Он встал, сделал несколько шагов по направлению ко входу в метро неподалеку от Большого Дворца и облокотился о перила. Это было время, когда заполнялись мастерские, а метро поглощало и выбрасывало из себя муравьев с человеческими головами. Ив долго невидящим взглядом наблюдал за этим вливанием и вытеканием человеческой массы. Когда-нибудь — он был в этом уверен и сейчас призывал этот день из глубины своей усталости и отчаяния — необходимо, чтобы все люди оказались вынужденными подчиниться этому движению прилива и отлива: все, без малейшего исключения. То, что Жан-Луи называл социальным вопросом, больше не встанет перед такими замечательными людьми, как он. Ив мечтал: «Мне необходимо увидеть тот день, когда в определенный час, поглощая человеческую волну, откроются и закроются шлюзы. Никакие приобретенные богатства больше не позволят никому из Фронтенаков оставаться в стороне под тем предлогом, что ему необходимо поразмышлять, предаться отчаянию, написать для своей ГАЗЕТЫ, помолиться, замолить грехи. Люди из низов восторжествуют над человеческой личностью, да, человеческая личность будет уничтожена, и вместе с ней одним махом исчезнет то, что приносит нам мучение и одновременно является источником милого нашему сердцу наслаждения: любовь. Не будет больше сумасшедших, превращающих бесконечное в конечное. Радость от мысли о том, что, вероятно, близко то время, когда из-за нехватки воздуха все Фронтенаки исчезнут с лица земли и ни одно существо не сможет даже представить себе того, что испытываю в эту секунду я, стоя облокотившись о поручни метро: этого пресного умиления, этого пережевывания того, что любимая могла бы мне сказать, начиная со дня нашего знакомства, и как она стремится заставить меня поверить в то, что она все же дорожит мной, — так же ведет себя изолированный ото всех больной, повторяя про себя слова врача, в которых он обрел надежду на выздоровление и которые он знает наизусть. Притом что они не имеют над ним больше никакой власти, он не перестает повторять их про себя вновь и вновь…»
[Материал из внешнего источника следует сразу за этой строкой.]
lemma wshift_res_closed:
  "wshift_res c l x n = (\<Sum>i\<le>n. x i * of_real (res_coeff c n i) / l ^ (n - i + 1))"
proof (induction n)
  case 0
  then show ?case by (simp add: res_coeff_def)
next
  case (Suc n)
  define a where "a = complex_of_real (c / sqrt (real (Suc n)))"
  have "a * (x i * of_real (res_coeff c n i) / l ^ (n - i + 1)) / l
      = x i * of_real (res_coeff c (Suc n) i) / l ^ (Suc n - i + 1)" if "i \<le> n" for i
  proof -
    have "a * of_real (res_coeff c n i) = of_real (res_coeff c (Suc n) i)"
      unfolding a_def of_real_mult[symmetric] res_coeff_Suc[OF that] ..
    moreover have "Suc n - i + 1 = Suc (n - i + 1)" using that by simp
    ultimately show ?thesis by (simp add: field_simps)
  qed
  then have "a * wshift_res c l x n / l
      = (\<Sum>i\<le>n. x i * of_real (res_coeff c (Suc n) i) / l ^ (Suc n - i + 1))"
    unfolding Suc sum_distrib_left sum_divide_distrib by (intro sum.cong) auto
  then show ?case by (simp add: a_def add_divide_distrib res_coeff_def)
qed


definition res_majorant :: "real \<Rightarrow> real \<Rightarrow> nat \<Rightarrow> real" where
  "res_majorant c r m = c ^ m * r ^ (m + 1) / sqrt (fact m)"

lemma res_coeff_le:
  assumes "c \<ge> 0" "i \<le> n"
  shows "res_coeff c n i \<le> c ^ (n - i) / sqrt (fact (n - i))"
proof -
  have "fact i / fact n \<le> 1 / (fact (n - i) :: real)"
    using fact_mult_fact_le[OF assms(2)] by (simp add: field_simps)
  then have "sqrt (fact i / fact n) \<le> 1 / sqrt (fact (n - i))"
    by (metis real_sqrt_divide real_sqrt_le_iff real_sqrt_one)
  then show ?thesis
    unfolding res_coeff_def using assms(1) by (simp add: mult_left_mono divide_inverse)
qed

lemma norm_wshift_res_le:
  assumes "c \<ge> 0" "l \<noteq> 0"
  shows "cmod (wshift_res c l x n) \<le> (\<Sum>i\<le>n. cmod (x i) * res_majorant c (1 / cmod l) (n - i))"
  unfolding wshift_res_closed
proof (rule order.trans[OF norm_sum sum_mono])
  fix i assume "i \<in> {..n}"
  then have le: "res_coeff c n i \<le> c ^ (n - i) / sqrt (fact (n - i))" by (simp add: res_coeff_le assms(1))
  have "res_coeff c n i \<ge> 0" using assms(1) by (simp add: res_coeff_def)
  then have "cmod (x i * of_real (res_coeff c n i) / l ^ (n - i + 1))
      = cmod (x i) * (res_coeff c n i * (1 / cmod l) ^ (n - i + 1))"
    by (simp add: norm_mult norm_divide norm_power power_one_over)
  also have "\<dots> \<le> cmod (x i) * (c ^ (n - i) / sqrt (fact (n - i)) * (1 / cmod l) ^ (n - i + 1))"
    by (intro mult_left_mono mult_right_mono le) simp_all
  also have "\<dots> = cmod (x i) * res_majorant c (1 / cmod l) (n - i)"
    by (simp add: res_majorant_def)
  finally show "cmod (x i * of_real (res_coeff c n i) / l ^ (n - i + 1))
      \<le> cmod (x i) * res_majorant c (1 / cmod l) (n - i)" .
qed

lemma sum_res_majorant_squared:
  assumes "c \<ge> 0" "r \<ge> 0" "q > 0"
  shows "(\<Sum>m\<le>N. q ^ m * (res_majorant c r m)\<^sup>2) \<le> r\<^sup>2 * exp (q * c\<^sup>2 * r\<^sup>2)"
proof -
  have "q ^ m * (res_majorant c r m)\<^sup>2 = r\<^sup>2 * ((q * c\<^sup>2 * r\<^sup>2) ^ m / fact m)" for m
    unfolding res_majorant_def
    by (simp add: power_divide power_mult_distrib power_add flip: power_mult)
       (simp add: power_mult mult.commute)
  then have "(\<Sum>m\<le>N. q ^ m * (res_majorant c r m)\<^sup>2) = r\<^sup>2 * (\<Sum>m\<le>N. (q * c\<^sup>2 * r\<^sup>2) ^ m / fact m)"
    by (simp add: sum_distrib_left)
  also have "\<dots> \<le> r\<^sup>2 * exp (q * c\<^sup>2 * r\<^sup>2)"
    using assms by (intro mult_left_mono sum_power_div_fact_le_exp) auto
  finally show ?thesis .
qed

definition res_bound :: "real \<Rightarrow> real \<Rightarrow> real" where
  "res_bound c r = sqrt ((c\<^sup>2 * r\<^sup>2 + 2) * r\<^sup>2 * exp (c\<^sup>2 * r\<^sup>2 + 1))"

lemma res_bound_nonneg: "res_bound c r \<ge> 0"
  unfolding res_bound_def by simp

lemma res_bound_mono:
  assumes "0 \<le> c" "c \<le> c'"
  shows "res_bound c r \<le> res_bound c' r"
proof -
  have "c\<^sup>2 * r\<^sup>2 \<le> c'\<^sup>2 * r\<^sup>2" using assms by (intro mult_right_mono power_mono) auto
  then show ?thesis unfolding res_bound_def by (intro real_sqrt_le_mono mult_mono) auto
qed

text \<open>With the weight \<open>q = 1 + 1 / (c\<^sup>2 r\<^sup>2 + 1)\<close> the convolution inequality loses only the factor
  \<open>(c\<^sup>2 r\<^sup>2 + 2) e\<close> against the growth \<open>r\<^sup>2 exp (c\<^sup>2 r\<^sup>2)\<close> of the resolvent at the first basis vector.\<close>

lemma wshift_res_l2:
  assumes c: "c \<ge> 0" and l: "l \<noteq> 0" and x: "x \<in> l2"
  shows "wshift_res c l x \<in> l2" and "l2norm (wshift_res c l x) \<le> res_bound c (1 / cmod l) * l2norm x"
proof -
  define r where "r = 1 / cmod l"
  define t where "t = c\<^sup>2 * r\<^sup>2"
  define q where "q = 1 + 1 / (t + 1)"
  have r: "r \<ge> 0" and t: "t \<ge> 0" unfolding r_def t_def by simp_all
  have q: "q > 1" unfolding q_def using t by simp
  have q_ratio: "q / (q - 1) = t + 2" unfolding q_def using t by (simp add: field_simps)
  have "q * c\<^sup>2 * r\<^sup>2 = t + t / (t + 1)" unfolding q_def t_def by (simp add: algebra_simps)
  also have "\<dots> \<le> t + 1" using t by simp
  finally have q_exp: "q * c\<^sup>2 * r\<^sup>2 \<le> t + 1" .
  have "(\<Sum>n\<in>F. (cmod (wshift_res c l x n))\<^sup>2) \<le> (res_bound c r * l2norm x)\<^sup>2" if F: "finite F" for F
  proof -
    obtain N where N: "F \<subseteq> {..N}" using F finite_nat_iff_bounded_le by auto
    have maj: "(\<Sum>m\<le>N. q ^ m * (res_majorant c r m)\<^sup>2) \<le> r\<^sup>2 * exp (t + 1)"
    proof -
      have "(\<Sum>m\<le>N. q ^ m * (res_majorant c r m)\<^sup>2) \<le> r\<^sup>2 * exp (q * c\<^sup>2 * r\<^sup>2)"
        using q by (intro sum_res_majorant_squared c r) simp
      also have "\<dots> \<le> r\<^sup>2 * exp (t + 1)" using q_exp by (intro mult_left_mono) simp_all
      finally show ?thesis .
    qed
    have "(\<Sum>n\<in>F. (cmod (wshift_res c l x n))\<^sup>2) \<le> (\<Sum>n\<le>N. (cmod (wshift_res c l x n))\<^sup>2)"
      by (rule sum_mono2) (use N in auto)
    also have "\<dots> \<le> (\<Sum>n\<le>N. (\<Sum>i\<le>n. cmod (x i) * res_majorant c r (n - i))\<^sup>2)"
      unfolding r_def by (intro sum_mono power_mono norm_wshift_res_le[OF c l]) simp
    also have "\<dots> \<le> q / (q - 1) * (\<Sum>m\<le>N. q ^ m * (res_majorant c r m)\<^sup>2) * (\<Sum>i\<le>N. (cmod (x i))\<^sup>2)"
      by (rule sum_convolution_squared_le[OF q]) (simp_all add: res_majorant_def c r)
    also have "\<dots> \<le> (t + 2) * (r\<^sup>2 * exp (t + 1)) * (l2norm x)\<^sup>2"
    proof (intro mult_mono maj sum_le_l2norm_squared[OF x])
      show "0 \<le> (\<Sum>m\<le>N. q ^ m * (res_majorant c r m)\<^sup>2)" using q by (intro sum_nonneg) simp
    qed (simp_all add: q_ratio t sum_nonneg)
    also have "\<dots> = (res_bound c r * l2norm x)\<^sup>2"
      using t unfolding res_bound_def t_def by (simp add: power_mult_distrib)
    finally show ?thesis .
  qed
  from l2_finite_sums_le[OF this] show "wshift_res c l x \<in> l2"
      "l2norm (wshift_res c l x) \<le> res_bound c (1 / cmod l) * l2norm x"
    unfolding r_def by (simp_all add: res_bound_nonneg l2norm_nonneg)
qed

lemma bounded_op_wshift_res: "c \<ge> 0 \<Longrightarrow> l \<noteq> 0 \<Longrightarrow> bounded_op (wshift_res c l)"
  by (rule bounded_opI) (use wshift_res_l2 wshift_res_lincomb in auto)

lemma wshift_res_inverse:
  assumes "l \<noteq> 0"
  shows "wshift_res c l (\<lambda>i. l * f i - wshift c f i) = f"
    and "(\<lambda>i. l * wshift_res c l f i - wshift c (wshift_res c l f) i) = f"
  using wshift_res_unique[OF assms] wshift_res_eq[OF assms] by auto

lemma resolvent_wshift:
  assumes "c \<ge> 0" "l \<noteq> 0" "x \<in> l2"
  shows "resolvent (wshift c) l x = wshift_res c l x"
  by (rule resolvent_eqI[OF bounded_op_wshift_res wshift_res_inverse]) (use assms in auto)

lemma quasinilpotent_wshift: "c \<ge> 0 \<Longrightarrow> quasinilpotent (wshift c)"
  by (rule quasinilpotentI[where j = 0])
    (auto intro: bounded_op_wshift invertible_opI bounded_op_wshift_res wshift_res_inverse)
(* Let $A$ be an algebra with a differential calculus $(\Omega^1_A,\mathrm{d})$ and a Riemannian structure $(g,(\nabla,\sigma))$, let $I\subset A$ be a two-sided ideal such that $B=A/I$ is a (metrically co-orientable) noncommutative hypersurface with normalized central $1$-form $\nu\in\Omega^1_A$, and let $\Pi:q_!(\Omega^1_A)\to q_!(\Omega^1_A)$, $[\omega]\mapsto[\omega-g^{-1}(\omega\otimes_A\nu)\,\nu]$. Then: (i) $\Pi([\nu])=0$; (ii) $\Pi^2=\Pi$; (iii) $\Pi$ induces a well-defined $B$-bimodule map $\Pi:\Omega^1_B\to q_!(\Omega^1_A)$ which is a section of the quotient map $q_!(\Omega^1_A)\twoheadrightarrow\Omega^1_B$; in particular it defines an isomorphism $\Omega^1_B\cong\Pi\,q_!(\Omega^1_A)$.
   Context: All algebras are associative unital over $\mathbb{C}$. A differential calculus on $A$ is a pair $(\Omega^1_A,\mathrm{d})$, $\Omega^1_A$ an $A$-bimodule, $\mathrm{d}:A\to\Omega^1_A$ linear, satisfying the Leibniz rule and $\Omega^1_A=A\,\mathrm{d}(A)$. A (generalized) metric is an $A$-bimodule map $g:A\to\Omega^1_A\otimes_A\Omega^1_A$, $g(1)=\sum_\alpha g^\alpha\otimes_Ag_\alpha$, with an $A$-bimodule map $g^{-1}:\Omega^1_A\otimes_A\Omega^1_A\to A$ satisfying $\sum_\alpha g^{-1}(\omega\otimes_Ag^\alpha)g_\alpha=\omega=\sum_\alpha g^\alpha g^{-1}(g_\alpha\otimes_A\omega)$; a Riemannian structure is such a metric together with a bimodule connection $(\nabla,\sigma)$ on $\Omega^1_A$ satisfying $g^{-1}\circ\sigma=g^{-1}$ and metric compatibility (only $g^{-1}$ is used here). Let $B=A/I$ with quotient map $q$ and classes $[\cdot]$. For an $A$-bimodule $V$, $q_!(V):=B\otimes_AV\otimes_AB\cong V/(IV+VI)$, where $IV$ (resp. $VI$) is the set of elements $av$ (resp. $va$) with $a\in I$, $v\in V$. Let $N^1_B:=B[\mathrm{d}I]B\subseteq q_!(\Omega^1_A)$ be the $B$-subbimodule generated by the classes $[\mathrm{d}a]$, $a\in I$, and $\Omega^1_B:=q_!(\Omega^1_A)/N^1_B$ with $\mathrm{d}_B[a]=[\mathrm{d}a]$; this is a differential calculus on $B$. $B$ is called a (metrically co-orientable) noncommutative hypersurface if $N^1_B$ admits a one-element basis $[\nu]$ (it is free of rank one generated by $[\nu]$) with $\nu\in\Omega^1_A$ central ($a\nu=\nu a$ for all $a\in A$) and $[g^{-1}(\nu\otimes_A\nu)]=1\in B$. The map $\omega\mapsto\omega-g^{-1}(\omega\otimes_A\nu)\nu$ is an $A$-bimodule endomorphism of $\Omega^1_A$ and induces the $B$-bimodule endomorphism $\Pi$ of $q_!(\Omega^1_A)$. *)

theory Defs
  imports Complex_Main
begin

text \<open>A unital associative C-algebra is a ring 'a with a central unital ring
  homomorphism sc from the complex numbers (the scalars sc c = c 1).\<close>
definition cplx_algebra :: "(complex \<Rightarrow> 'a::ring_1) \<Rightarrow> bool" where
  "cplx_algebra sc \<longleftrightarrow>
     (\<forall>c e. sc (c + e) = sc c + sc e) \<and> (\<forall>c e. sc (c * e) = sc c * sc e) \<and> sc 1 = 1 \<and>
     (\<forall>c a. sc c * a = a * sc c)"

definition bimodule ::
  "(complex \<Rightarrow> 'a::ring_1) \<Rightarrow> ('a \<Rightarrow> 'm::ab_group_add \<Rightarrow> 'm) \<Rightarrow> ('m \<Rightarrow> 'a \<Rightarrow> 'm) \<Rightarrow> bool" where
  "bimodule sc lact ract \<longleftrightarrow>
     (\<forall>a x y. lact a (x + y) = lact a x + lact a y) \<and>
     (\<forall>a b x. lact (a + b) x = lact a x + lact b x) \<and>
     (\<forall>a b x. lact (a * b) x = lact a (lact b x)) \<and>
     (\<forall>x. lact 1 x = x) \<and>
     (\<forall>a x y. ract (x + y) a = ract x a + ract y a) \<and>
     (\<forall>a b x. ract x (a + b) = ract x a + ract x b) \<and>
     (\<forall>a b x. ract x (a * b) = ract (ract x a) b) \<and>
     (\<forall>x. ract x 1 = x) \<and>
     (\<forall>a b x. lact a (ract x b) = ract (lact a x) b) \<and>
     (\<forall>c x. lact (sc c) x = ract x (sc c))"

definition two_sided_ideal :: "'a::ring_1 set \<Rightarrow> bool" where
  "two_sided_ideal I \<longleftrightarrow> 0 \<in> I \<and> (\<forall>x\<in>I. \<forall>y\<in>I. x + y \<in> I) \<and> (\<forall>x\<in>I. - x \<in> I) \<and>
     (\<forall>a x. x \<in> I \<longrightarrow> a * x \<in> I \<and> x * a \<in> I)"

definition diff_calculus ::
  "(complex \<Rightarrow> 'a::ring_1) \<Rightarrow> ('a \<Rightarrow> 'm::ab_group_add \<Rightarrow> 'm) \<Rightarrow> ('m \<Rightarrow> 'a \<Rightarrow> 'm) \<Rightarrow> ('a \<Rightarrow> 'm) \<Rightarrow> bool" where
  "diff_calculus sc lact ract d \<longleftrightarrow>
     bimodule sc lact ract \<and>
     (\<forall>a b. d (a + b) = d a + d b) \<and>
     (\<forall>c a. d (sc c * a) = lact (sc c) (d a)) \<and>
     (\<forall>a b. d (a * b) = ract (d a) b + lact a (d b)) \<and>
     (\<forall>w. \<exists>ps :: ('a \<times> 'a) list. w = sum_list (map (\<lambda>(a, b). lact a (d b)) ps))"

text \<open>Elements of Omega (x)_A Omega are represented by finite formal sums (lists of pairs);
  two formal sums represent the same element iff their difference (as an element of the free
  abelian group on pairs) lies in the subgroup generated by the bilinearity and A-balancing
  relations.  (C-balancing is included since C acts through the central copy sc C in A.)\<close>

definition delta :: "'x \<Rightarrow> 'x \<Rightarrow> int" where
  "delta q = (\<lambda>p. if p = q then 1 else 0)"

inductive_set tens_rel ::
  "('a::ring_1 \<Rightarrow> 'm::ab_group_add \<Rightarrow> 'm) \<Rightarrow> ('m \<Rightarrow> 'a \<Rightarrow> 'm) \<Rightarrow> ('m \<times> 'm \<Rightarrow> int) set"
  for lact ract where
  zero: "(\<lambda>_. 0) \<in> tens_rel lact ract"
| add: "f \<in> tens_rel lact ract \<Longrightarrow> h \<in> tens_rel lact ract \<Longrightarrow> (\<lambda>p. f p + h p) \<in> tens_rel lact ract"
| neg: "f \<in> tens_rel lact ract \<Longrightarrow> (\<lambda>p. - f p) \<in> tens_rel lact ract"
| addl: "(\<lambda>p. delta (x + x', y) p - delta (x, y) p - delta (x', y) p) \<in> tens_rel lact ract"
| addr: "(\<lambda>p. delta (x, y + y') p - delta (x, y) p - delta (x, y') p) \<in> tens_rel lact ract"
| bal: "(\<lambda>p. delta (ract x a, y) p - delta (x, lact a y) p) \<in> tens_rel lact ract"

definition tensor_eq ::
  "('a::ring_1 \<Rightarrow> 'm::ab_group_add \<Rightarrow> 'm) \<Rightarrow> ('m \<Rightarrow> 'a \<Rightarrow> 'm) \<Rightarrow> ('m \<times> 'm) list \<Rightarrow> ('m \<times> 'm) list \<Rightarrow> bool" where
  "tensor_eq lact ract l1 l2 \<longleftrightarrow>
     (\<lambda>p. int (count_list l1 p) - int (count_list l2 p)) \<in> tens_rel lact ract"

definition tlmul :: "('a \<Rightarrow> 'm \<Rightarrow> 'm) \<Rightarrow> 'a \<Rightarrow> ('m \<times> 'm) list \<Rightarrow> ('m \<times> 'm) list" where
  "tlmul lact a l = map (\<lambda>(x, y). (lact a x, y)) l"

definition trmul :: "('m \<Rightarrow> 'a \<Rightarrow> 'm) \<Rightarrow> ('m \<times> 'm) list \<Rightarrow> 'a \<Rightarrow> ('m \<times> 'm) list" where
  "trmul ract l a = map (\<lambda>(x, y). (x, ract y a)) l"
После Марли… Он не мог придумать ничего лучшего, чем пойти домой и лечь спать. Умереть для него, несчастного бессмертного, не имело ни малейшего смысла. Он оказался в окружении по эту сторону. Кто носит фамилию Фронтенак, узнает, что в небытие нет выхода и что дверь в могилу надежно охраняется. В том мире, который он рисовал себе, который он видел, чей приход он предчувствовал, соблазн смерти больше не будет преследовать никого, потому что это деловое и очень занятое общество будет выглядеть как живое, но на самом деле будет уже мертвым. Нужно быть личностью, человеком, отличающимся ото всех других, необходимо держать собственную жизнь в своих руках и оценивать ее, и смотреть на нее трезво под взглядом Господа, для того чтобы иметь возможность сделать выбор: умирать или жить дальше.
Забавно было думать об этом… Ив пообещал себе рассказать Жану-Луи историю, которую он придумал только что, стоя перед входом в метро; он радовался при мысли о том, как удивит его, описывая революцию будущего, способную затронуть самые сокровенные стороны человеческого существа, способствовать разложению самой его природы, вплоть до того, что сделает его похожим на перепончатокрылых: пчел, муравьев… Ни один вековой парк не раскинет больше своих ветвей над отпрысками одной семьи. Сосны старинного имения не станут больше свидетелями того, как из года в год взрослеют одни и те же дети; в худых и чистых лицах, запрокинутых к вершинам, не увидят больше черт их отцов и дедов, когда те были в том же возрасте… Все дело в усталости, думал Ив, это усталость заставляет его бредить. Как хорошо было бы поспать! Перед ним не вставал вопрос — жить или умирать, он хотел лишь выспаться. Он остановил такси и нащупал в глубине кармана маленький пузырек. Он поднес его к глазам и занялся разгадыванием магической формулы на этикетке: Allylis Opropylbarbiturate de phenyldimethyldimethylamino Pyrazolone, 0,16 g.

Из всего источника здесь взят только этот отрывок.